The basic idea of downsampling is to reduce the spatial density of points uniformly. If you carelessly remove points at random, the carefully captured precise shape representation can become uneven and sparse, causing parts of the shape to become coarse or be overlooked. A representative method for this is grid-based sampling. This involves overlaying a three-dimensional grid of a fixed size (cubic voxels) over the point cloud space, leaving only one representative point in each grid cell and deleting the others. For example, by sampling “one per 1 cm (0.4 in) grid,” you can uniformize the point cloud density to approximately 1 cm (0.4 in) spacing in each direction. Such evenly spaced sampling is well suited to reducing point counts without significantly degrading the overall shape. You can also consider, instead of uniform sampling, varying the amount of thinning according to the size of the object. This means keeping important details (for example, small equipment parts) at high density, while aggressively thinning wide, flat ground areas. However, since this becomes more advanced editing, starting with uniform grid sampling is usually sufficient.

How to decide the thinning rate: The appropriate sampling interval depends on the required precision and the intended use. For example, when measuring the dimensions of a structure that requires millimeter-level precision (a few tenths of an inch), intervals of 5 mm (0.20 in) or less are desirable; but if you only need to capture the overall shape of terrain, several-centimeter intervals (several in) may be sufficient. In general, thinning is done aiming for the minimum point density that sufficiently meets the required precision. When doing this for the first time, it is advisable to proceed in stages.

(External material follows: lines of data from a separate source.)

lemma countfun_wf_dominates:
  assumes pol: "policy pol" and wf: "wf_policy pw" and tt: "t \<le> t'"
    and agree: "\<And>k. k \<in> {1..t} \<Longrightarrow> x k = x' k"
    and nonneg: "\<And>k. k \<in> {1..t'} \<Longrightarrow> 0 \<le> x' k" and ss: "s \<le> s'"
  shows "countfun pol t x s \<le> countfun pw t' x' s'"
proof (cases "countfun pol t x s = 0")
  case False
  define K where "K = countfun pol t x s"
  have K: "K \<in> {1..t}" "(\<Sum>j=1..K. x (pol t x j)) \<le> s"
    using countfun_pos[OF False] unfolding K_def by auto
  have "\<forall>k\<in>{1..t}. 0 \<le> x k" using agree nonneg tt by fastforce
  then have sigma: "pol t x permutes {1..t}" using pol K(1) unfolding policy_def by auto
  have t': "t' \<ge> 1" using K(1) tt by auto
  have sorted: "pw t' x' permutes {1..t'}"
    "\<And>i j. 1 \<le> i \<Longrightarrow> i \<le> j \<Longrightarrow> j \<le> t' \<Longrightarrow> x' (pw t' x' i) \<le> x' (pw t' x' j)"
    using wf t' nonneg unfolding wf_policy_def policy_def by auto
  have sigma_K: "pol t x j \<in> {1..t}" if "j \<in> {1..K}" for j
    using that K(1) permutes_in_image[OF sigma] by auto
  have "(\<Sum>j=1..K. x' (pw t' x' j)) \<le> (\<Sum>j=1..K. x' (pol t x j))"
  proof (rule sorted_prefix_le_injective[where x = x' and p = "pw t' x'", OF sorted])
    show "inj_on (pol t x) {1..K}" using permutes_inj[OF sigma] inj_on_subset by blast
    show "pol t x ` {1..K} \<subseteq> {1..t'}" using sigma_K tt by fastforce
  qed
  also have "\<dots> = (\<Sum>j=1..K. x (pol t x j))"
    using sigma_K agree by (intro sum.cong) auto
  finally have "(\<Sum>j=1..K. x' (pw t' x' j)) \<le> s'" using K(2) ss by linarith
  moreover have "0 \<le> x' (pw t' x' j)" if "j \<in> {1..K}" for j
    using that K(1) tt nonneg permutes_in_image[OF sorted(1)] by auto
  ultimately have "K \<le> countfun pw t' x' s'"
    using K(1) tt by (intro countfun_ge) auto
  then show ?thesis unfolding K_def .
qed simp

First, try thinning the point cloud to 50%; if precision is acceptable, thin further to 25%… and adjust while monitoring. Before and after the operation, check how file size and display responsiveness change, and ideally reduce until you reach the smallest size that can be handled without issues.

Also, when point cloud data is unavoidably large and heavy, rather than forcibly downsampling the entire dataset, you can split the data by area (tiling). By managing each area as multiple files, you can keep the size of each file down. This makes it possible to improve usability without sacrificing important detail. Downsampling is only a means of optimization and not the act of "cutting data". Maintaining a sense of balance—reducing size while preserving important information—is the key to lightweighting data without degrading accuracy.

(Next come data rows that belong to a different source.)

lemma ex_prime_ideal_avoiding:
  assumes I: "ideal I (ring_of R)" and IT: "I \<inter> T = {}"
    and T: "1 \<in> T" "\<And>a b. a \<in> T \<Longrightarrow> b \<in> T \<Longrightarrow> a * b \<in> T"
  obtains P where "primeideal P (ring_of R)" "I \<subseteq> P" "P \<inter> T = {}"
proof -
  obtain P where P: "ideal P (ring_of R)" "I \<subseteq> P" "P \<inter> T = {}"
    and Pmax: "\<And>J. ideal J (ring_of R) \<Longrightarrow> P \<subseteq> J \<Longrightarrow> J \<inter> T = {} \<Longrightarrow> J = P"
    using ex_maximal_ideal_avoiding[OF I IT] by blast
  note PD = ideal_ring_ofD[OF P(1)]
  have meets_T: "\<exists>p\<in>P. \<exists>x\<in>R. p + x * a \<in> T" if a: "a \<in> R" "a \<notin> P" for a
  proof -
    let ?J = "{p + x * a | p x. p \<in> P \<and> x \<in> R}"
    have "ideal ?J (ring_of R)"
    proof (rule ideal_ring_ofI)
      show "?J \<subseteq> R" using PD(1) a add_in mult_in by blast
      have "(0::'k) = 0 + 0 * a" by simp
      then show "0 \<in> ?J" using PD(2) zero_in by blast
      show "u + v \<in> ?J" if uv: "u \<in> ?J" "v \<in> ?J" for u v
      proof -
        obtain p x q y where "u = p + x * a" "v = q + y * a" "p \<in> P" "q \<in> P" "x \<in> R" "y \<in> R"
          using uv by blast
        moreover have "u + v = (p + q) + (x + y) * a" using calculation by (simp add: algebra_simps)
        ultimately show ?thesis using PD(3) add_in by blast
      qed
      show "c * u \<in> ?J" if cu: "c \<in> R" "u \<in> ?J" for c u
      proof -
        obtain p x where "u = p + x * a" "p \<in> P" "x \<in> R" using cu by blast
        moreover have "c * u = c * p + (c * x) * a" using calculation by (simp add: algebra_simps)
        ultimately show ?thesis using PD(4) mult_in cu(1) by blast
      qed
    qed
    moreover have "P \<subseteq> ?J"
    proof
      fix p assume "p \<in> P"
      moreover have "p = p + 0 * a" by simp
      ultimately show "p \<in> ?J" using zero_in by blast
    qed
    moreover have "a \<in> ?J"
    proof -
      have "a = 0 + 1 * a" by simp
      then show ?thesis using PD(2) one_in by blast
    qed
    ultimately have "?J \<inter> T \<noteq> {}" using Pmax a(2) by blast
    then show ?thesis by blast
  qed
  have "primeideal P (ring_of R)"
  proof (rule primeidealI[OF P(1) Rd.is_cring])
    show "carrier (ring_of R) \<noteq> P" using P(3) T(1) one_in by auto
    show "a \<in> P \<or> b \<in> P"
      if ab: "a \<in> carrier (ring_of R)" "b \<in> carrier (ring_of R)" "a \<otimes>\<^bsub>ring_of R\<^esub> b \<in> P" for a b
    proof (rule ccontr)
      assume "\<not> (a \<in> P \<or> b \<in> P)"
      with ab obtain p x q y where pq: "p \<in> P" "x \<in> R" "p + x * a \<in> T" "q \<in> P" "y \<in> R" "q + y * b \<in> T"
        using meets_T[of a] meets_T[of b] by auto
      have "(p + x * a) * (q + y * b) = (p + x * a) * q + (x * y) * (a * b) + (y * b) * p"
        by (simp add: algebra_simps)
      also have "\<dots> \<in> P"
      proof -
        have "p + x * a \<in> R" "x * y \<in> R" "y * b \<in> R"
          using pq ab PD(1) add_in mult_in by auto
        then show ?thesis using pq ab PD(3,4) by simp
      qed
      finally show False using T(2)[OF pq(3,6)] P(3) by blast
    qed
  qed
  then show thesis using that P(2,3) by blast
qed

lemma ex_max_ideal_containing:
  assumes I: "ideal I (ring_of R)" and "1 \<notin> I"
  obtains m where "m \<in> max_ideals R" "I \<subseteq> m"
proof -
  obtain P where P: "ideal P (ring_of R)" "I \<subseteq> P" "P \<inter> {1} = {}"
    and Pmax: "\<And>J. ideal J (ring_of R) \<Longrightarrow> P \<subseteq> J \<Longrightarrow> J \<inter> {1} = {} \<Longrightarrow> J = P"
    using ex_maximal_ideal_avoiding[OF I, of "{1}"] assms(2) by blast
  have "maximalideal P (ring_of R)"
  proof (rule maximalidealI[OF P(1)])
    show "carrier (ring_of R) \<noteq> P" using P(3) by auto
    show "J = P \<or> J = carrier (ring_of R)"
      if J: "ideal J (ring_of R)" "P \<subseteq> J" "J \<subseteq> carrier (ring_of R)" for J
    proof (cases "1 \<in> J")
      case True
      then show ?thesis using ideal.one_imp_carrier[OF J(1)] by simp
    qed (use Pmax J in blast)
  qed
  then show thesis using that P(2) by (simp add: max_ideals_def)
qed

lemma ex_max_ideal: "\<exists>m. m \<in> max_ideals R"
  using ex_max_ideal_containing[OF Rd.zeroideal] by auto

lemma max_idealD:
  assumes "m \<in> max_ideals R"
  shows "m \<subseteq> R" "0 \<in> m" "1 \<notin> m"
    and "\<And>a b. a \<in> R \<Longrightarrow> b \<in> R \<Longrightarrow> a \<notin> m \<Longrightarrow> b \<notin> m \<Longrightarrow> a * b \<notin> m"
proof -
  have "maximalideal m (ring_of R)" using assms by (simp add: max_ideals_def)
  then interpret P: primeideal m "ring_of R" by (rule Rd.maximalideal_prime)
  show "m \<subseteq> R" "0 \<in> m" using ideal_ring_ofD[OF P.is_ideal] by auto
  show "1 \<notin> m" using P.I_notcarr P.one_imp_carrier by auto
  show "a * b \<notin> m" if "a \<in> R" "b \<in> R" "a \<notin> m" "b \<notin> m" for a b
    using P.I_prime that by fastforce
qed

lemma notin_max_ideal_nonzero: "m \<in> max_ideals R \<Longrightarrow> a \<notin> m \<Longrightarrow> a \<noteq> 0"
  using max_idealD(2) by blast

lemma mult_nonzero_in: "a \<in> R - {0} \<Longrightarrow> b \<in> R - {0} \<Longrightarrow> a * b \<in> R - {0}"
  using mult_in by simp

lemma mult_notin_max_ideal: "m \<in> max_ideals R \<Longrightarrow> a \<in> R - m \<Longrightarrow> b \<in> R - m \<Longrightarrow> a * b \<in> R - m"
  using mult_in max_idealD(4) by blast

lemma mult_closed_products_notin_max_ideals:
  assumes m: "m \<in> max_ideals R" and n: "n \<in> max_ideals R"
  defines "T \<equiv> {s * t | s t. s \<in> R - m \<and> t \<in> R - n}"
  shows "1 \<in> T" and "\<And>a b. a \<in> T \<Longrightarrow> b \<in> T \<Longrightarrow> a * b \<in> T"
proof -
  show "1 \<in> T" using max_idealD(3)[OF m] max_idealD(3)[OF n] unfolding T_def by force
  fix a b assume "a \<in> T" "b \<in> T"
  then obtain s t s' t' where st: "a = s * t" "b = s' * t'" "s \<in> R - m" "t \<in> R - n"
    "s' \<in> R - m" "t' \<in> R - n" unfolding T_def by blast
  then have "a * b = (s * s') * (t * t')" by (simp add: ac_simps)
  then show "a * b \<in> T"
    using st mult_notin_max_ideal[OF m] mult_notin_max_ideal[OF n] unfolding T_def by blast
qed

text \<open>Otherwise rR misses the multiplicative set (R - m)(R - n), so some prime ideal containing r
lies in both m and n, contradicting h-locality.\<close>
lemma h_local_separation:
  assumes hloc: "h_local R" and m: "m \<in> max_ideals R" and n: "n \<in> max_ideals R" and "m \<noteq> n"
    and r: "r \<in> R" "r \<noteq> 0"
  obtains s where "s \<in> R" "s \<notin> m" "s / r \<in> loc_ring R n"
proof (rule ccontr)
  assume no_s: "\<not> thesis"
  let ?T = "{s * t | s t. s \<in> R - m \<and> t \<in> R - n}"
  have disj: "PIdl\<^bsub>ring_of R\<^esub> r \<inter> ?T = {}"
  proof (rule ccontr)
    assume "PIdl\<^bsub>ring_of R\<^esub> r \<inter> ?T \<noteq> {}"
    then obtain a s t where "a * r = s * t" "a \<in> R" "s \<in> R" "s \<notin> m" "t \<in> R" "t \<notin> n"
      unfolding cgenideal_def by auto
    moreover from calculation have "s / r = a / t"
      using r(2) notin_max_ideal_nonzero[OF n] by (simp add: field_simps)
    ultimately show False using no_s that unfolding loc_ring_def by blast
  qed
  have "ideal (PIdl\<^bsub>ring_of R\<^esub> r) (ring_of R)" using Rd.cgenideal_ideal r(1) by simp
  then obtain P where P: "primeideal P (ring_of R)" "PIdl\<^bsub>ring_of R\<^esub> r \<subseteq> P" "P \<inter> ?T = {}"
    using ex_prime_ideal_avoiding disj mult_closed_products_notin_max_ideals[OF m n] by blast
  have "P \<subseteq> R" using ideal_ring_ofD(1)[OF primeideal.axioms(1)[OF P(1)]] .
  have "P \<subseteq> m \<and> P \<subseteq> n"
  proof (intro conjI subsetI)
    fix p assume p: "p \<in> P"
    have "p = p * 1" "p = 1 * p" by simp_all
    then show "p \<in> m" "p \<in> n"
      using p P(3) \<open>P \<subseteq> R\<close> one_in max_idealD(3)[OF m] max_idealD(3)[OF n] by blast+
  qed
  moreover have "P \<noteq> {0}" using P(2) Rd.cgenideal_self[of r] r by auto
  ultimately show False
    using hloc P(1) m n \<open>m \<noteq> n\<close> unfolding h_local_def by blast
qed

end

lemma ex_common_multiple:
  fixes U :: "'a::comm_monoid_mult set"
  assumes "finite I" "1 \<in> U" and U_mult: "\<And>a b. a \<in> U \<Longrightarrow> b \<in> U \<Longrightarrow> a * b \<in> U"
    and "\<And>i. i \<in> I \<Longrightarrow> \<exists>s\<in>U. P i s"
    and "\<And>i s t. i \<in> I \<Longrightarrow> P i s \<Longrightarrow> t \<in> U \<Longrightarrow> P i (t * s)"
  shows "\<exists>s\<in>U. \<forall>i\<in>I. P i s"
  using assms(1,4,5)
proof (induction I rule: finite_induct)
  case empty
  then show ?case using assms(2) by blast
next
  case (insert i I)
  then obtain s where s: "s \<in> U" "\<forall>j\<in>I. P j s" by blast
  obtain t where t: "t \<in> U" "P i t" using insert.prems(1) by blast
  have "P j (t * s)" if "j \<in> I" for j using insert.prems(2) that s t(1) by blast
  moreover have "P i (t * s)" using insert.prems(2)[of i t s] t(2) s(1) by (simp add: mult.commute)
  ultimately show ?case using U_mult[OF t(1) s(1)] by blast
qed

locale vector_action = subdomain R for R :: "'k::field set" +
  fixes scl :: "'k \<Rightarrow> 'v::ab_group_add \<Rightarrow> 'v" and phi :: "'k \<Rightarrow> 'l::ring_1"
    and act :: "'v \<Rightarrow> 'l \<Rightarrow> 'v"
  assumes frac: "frac_field_of R" and vs: "vector_space scl" and ract: "right_action R scl phi act"
begin

sublocale V: vector_space scl by (rule vs)

lemma act_add_left: "act (v + w) l = act v l + act w l"
  and act_add_right: "act v (l + l') = act v l + act v l'"
  and act_mult: "act v (l * l') = act (act v l) l'"
  and act_one: "act v 1 = v"
  and act_scale: "act (scl c v) l = scl c (act v l)"
  and act_phi: "r \<in> R \<Longrightarrow> act v (phi r) = scl r v"
  using ract unfolding right_action_def by auto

Step 5: Separation of the ground surface and structures (extraction by feature)

Once the point cloud has been consolidated to an appropriate density, the next step is to separate the ground surface (terrain) from man-made objects and other parts. This process is also referred to as the primary classification of point cloud data. In fields such as civil surveying and terrain analysis, understanding the shape of the ground is particularly important, so only the ground points that are covered by buildings, trees, etc., and therefore not visible, are extracted and managed separately. By doing this, analyses using the ground surface point cloud—such as drawing contour lines or calculating earthwork volumes—can be performed smoothly.

For separating the ground surface, it is common to use a dedicated software's ground surface extraction filter. Many point cloud processing software packages include a function to "automatically identify only ground points." This is an algorithm that, based on the vertical distribution of heights, point density, and continuity from lower to upper layers, estimates the point group forming the lowest layer as the ground. For example, methods such as the progressive (filtering) processing that treats the lowest point within a given radius as the ground and incorporates it, and methods that extract terrain-like surfaces from changes in slope gradient, are known.

By simply applying automatic processing, you can obtain a point cloud that is roughly classified into ground and non-ground (buildings, trees, vehicles, etc.).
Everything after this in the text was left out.